● Information
definition preadditive :: "('o,'m,'x) addcat_scheme \<Rightarrow> bool" where
  "preadditive C \<longleftrightarrow> category C \<and>
     (\<forall>a\<in>Ob C. \<forall>b\<in>Ob C.
        zro C a b \<in> hom C a b \<and>
        (\<forall>f\<in>hom C a b. \<forall>g\<in>hom C a b. pls C f g \<in> hom C a b \<and> pls C f g = pls C g f) \<and>
        (\<forall>f\<in>hom C a b. \<forall>g\<in>hom C a b. \<forall>h\<in>hom C a b. pls C (pls C f g) h = pls C f (pls C g h)) \<and>
        (\<forall>f\<in>hom C a b. pls C f (zro C a b) = f \<and> ngt C f \<in> hom C a b \<and> pls C f (ngt C f) = zro C a b)) \<and>
     (\<forall>a\<in>Ob C. \<forall>b\<in>Ob C. \<forall>c\<in>Ob C.
        (\<forall>f\<in>hom C a b. \<forall>g\<in>hom C b c. \<forall>g'\<in>hom C b c.
            cmp C (pls C g g') f = pls C (cmp C g f) (cmp C g' f)) \<and>
        (\<forall>f\<in>hom C a b. \<forall>f'\<in>hom C a b. \<forall>g\<in>hom C b c.
            cmp C g (pls C f f') = pls C (cmp C g f) (cmp C g f')))"

definition is_zero_obj :: "('o,'m,'x) addcat_scheme \<Rightarrow> 'o \<Rightarrow> bool" where
  "is_zero_obj C z \<longleftrightarrow> z \<in> Ob C \<and>
     (\<forall>b\<in>Ob C. (\<exists>!f. f \<in> hom C z b) \<and> (\<exists>!f. f \<in> hom C b z))"

definition biprod :: "('o,'m,'x) addcat_scheme \<Rightarrow> 'o \<Rightarrow> 'o \<Rightarrow> 'o \<Rightarrow> 'm \<Rightarrow> 'm \<Rightarrow> 'm \<Rightarrow> 'm \<Rightarrow> bool" where
  "biprod C a b s i1 i2 p1 p2 \<longleftrightarrow>
     a \<in> Ob C \<and> b \<in> Ob C \<and> s \<in> Ob C \<and>
     i1 \<in> hom C a s \<and> i2 \<in> hom C b s \<and> p1 \<in> hom C s a \<and> p2 \<in> hom C s b \<and>
     cmp C p1 i1 = idt C a \<and> cmp C p2 i2 = idt C b \<and>
     cmp C p1 i2 = zro C b a \<and> cmp C p2 i1 = zro C a b \<and>
     pls C (cmp C i1 p1) (cmp C i2 p2) = idt C s"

● To do
Tally the lines above that include the word "preadditive"; answer with the total only.

● Exercise response
2